The immunity granted pursuant to Subsection A of Section 41-4-4 NMSA 1978 does not apply to liability for personal injury, bodily injury, wrongful death or property damage resulting from assault, battery, false imprisonment, false arrest, malicious prosecution, abuse of process, libel, slander, defamation of character, violation of property rights or deprivation of any rights, privileges or immunities secured by the constitution and laws of the United States or New Mexico when caused by law enforcement officers while acting within the scope of their duties.

The district court’s letter opinion interprets Methola v. County of Eddy, 95 N.M. 329, 622 P.2d 234 (1980) and Silva v. State, 106 N.M. 472, 745 P.2d 380 (1987), as holding that immunity is waived by Section 41-4-12 whenever personal injury is caused by a law enforcement officer’s negligent failure to properly train and supervise subordinates. We do not so read our supreme court’s decisions.

The language of Section 41-4-12 explicitly ties the waiver of immunity to certain torts or violations of rights. Silva did not construe Section 41-4-12. As for Methola, we summarized that decision and its progeny in Ortiz. We point out only that in Methola and Schear v. Board of County Commissioners, 101 N.M. 671, 687 P.2d 728 (1984), the personal injury clearly was caused by a tort listed in Section 41-4-12; and in California First Bank v. State, 111 N.M. 64, 801 P.2d 646 (1990), the supreme court focused on the fact that the personal injury resulted from a violation of a right secured under New Mexico statutory law. We reject the overly broad construction of Section 41-4-12 stated in the district court’s letter opinion. In this case plaintiff cannot recover for negligent training or supervision in the absence of either a tort listed in Section 41-4-12 or a deprivation of a right secured by the federal or state constitution or laws.

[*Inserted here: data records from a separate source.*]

lemma supp_fun_self: "supp_fun K s (vertex K) = 1"
  by (simp add: supp_fun_vertex)

lemma supp_fun_next_vertex: "supp_fun K (tan half_angle) (vertex (K + 1)) = 1"
proof -
  have "pi / real n = 2 * half_angle"
    by simp
  thus ?thesis
    using cos_half_angle_pos by (simp add: supp_fun_vertex cos_add_tan_mult_sin)
qed

lemma abs_supp_fun_vertex_le:
  assumes "\<bar>s\<bar> = tan half_angle"
  shows "\<bar>supp_fun K s (vertex J)\<bar> \<le> 1"
proof -
  define x where "x = of_int (J - K) * (pi / real n)"
  obtain b q where "s = tan b" "cos b = cos half_angle" "odd q" "x - b = of_int q * half_angle"
  proof (cases "0 \<le> s")
    case True
    have "x - half_angle = of_int (2 * (J - K) - 1) * half_angle"
      using two_le_n by (simp add: x_def field_simps)
    thus ?thesis
      using that[of half_angle "2 * (J - K) - 1"] assms True by simp
  next
    case False
    have "x - - half_angle = of_int (2 * (J - K) + 1) * half_angle"
      using two_le_n by (simp add: x_def field_simps)
    thus ?thesis
      using that[of "- half_angle" "2 * (J - K) + 1"] assms False by simp
  qed
  note b = this
  have "supp_fun K s (vertex J) = cos x + tan b * sin x"
    unfolding supp_fun_vertex x_def b(1) ..
  also have "\<dots> = cos (x - b) / cos b"
    by (rule cos_add_tan_mult_sin) (use cos_half_angle_pos b(2) in linarith)
  also have "\<dots> = cos (of_int q * half_angle) / cos half_angle"
    by (simp only: b(2,4))
  finally have "\<bar>supp_fun K s (vertex J)\<bar> = \<bar>cos (of_int q * half_angle)\<bar> / cos half_angle"
    using cos_half_angle_pos by simp
  also have "\<dots> \<le> 1"
    using abs_cos_odd_multiple_le[of n q] \<open>odd q\<close> two_le_n cos_half_angle_pos by (simp add: pos_divide_le_eq)
  finally show ?thesis .
qed

lemma supp_fun_le_one_on_BX:
  assumes "\<bar>s\<bar> = tan half_angle" and "z \<in> BX"
  shows "supp_fun K s z \<le> 1"
  using assms(2) abs_supp_fun_vertex_le[OF assms(1)] unfolding reg_ball_eq_hull
  by (intro linear_le_on_convex_hull[OF linear_supp_fun]) (auto simp: abs_le_iff)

*249Despite our disagreement with the district court’s reasoning, we do not reverse the denial of defendants' motion to dismiss the second cause of action. The second cause of action incorporates the allegations in the first cause of action. In our view the complaint can reasonably be construed as alleging that defendants' negligent training and supervision of their subordinates caused the subordinates to deprive plaintiff’s son of rights secured under the United States and New Mexico Constitutions and that the deprivation of rights resulted in personal injury and death to her son. See Shea v. H.S. Pickrell Co., 106 N.M. 683, 748 P.2d 980 (Ct.App.1987) (all doubts are to be resolved in favor of sufficiency of complaint). In Ortiz we are holding that the Tort Claims Act waives immunity for negligent training and supervision by a law enforcement officer that causes the commission by a subordinate law enforcement officer of a tort listed in Section 41-4-12. That holding, together with the language of Section 41-4-12 — which treats identically the commission of a listed tort and the deprivation of rights secured by federal or state law — requires affirming the sufficiency of plaintiff’s second cause of action against the challenge raised in defendants’ appeal. Our affirmance, of course, is without prejudice to further factual or legal challenges to plaintiff’s second cause of action.

CONCLUSION

For the above reasons we affirm the district court’s denial of defendants’ motion to dismiss the second cause of action and remand for further proceedings consistent with this opinion.

IT IS SO ORDERED.

MINZNER, J., concurs.

BIVINS, J., dissents.

BIVINS, Judge

(dissenting).

I respectfully dissent and adopt my dissent in Ortiz v. New Mexico State Police, 112 N.M. 249, 814 P.2d 117 (Ct.App.1991).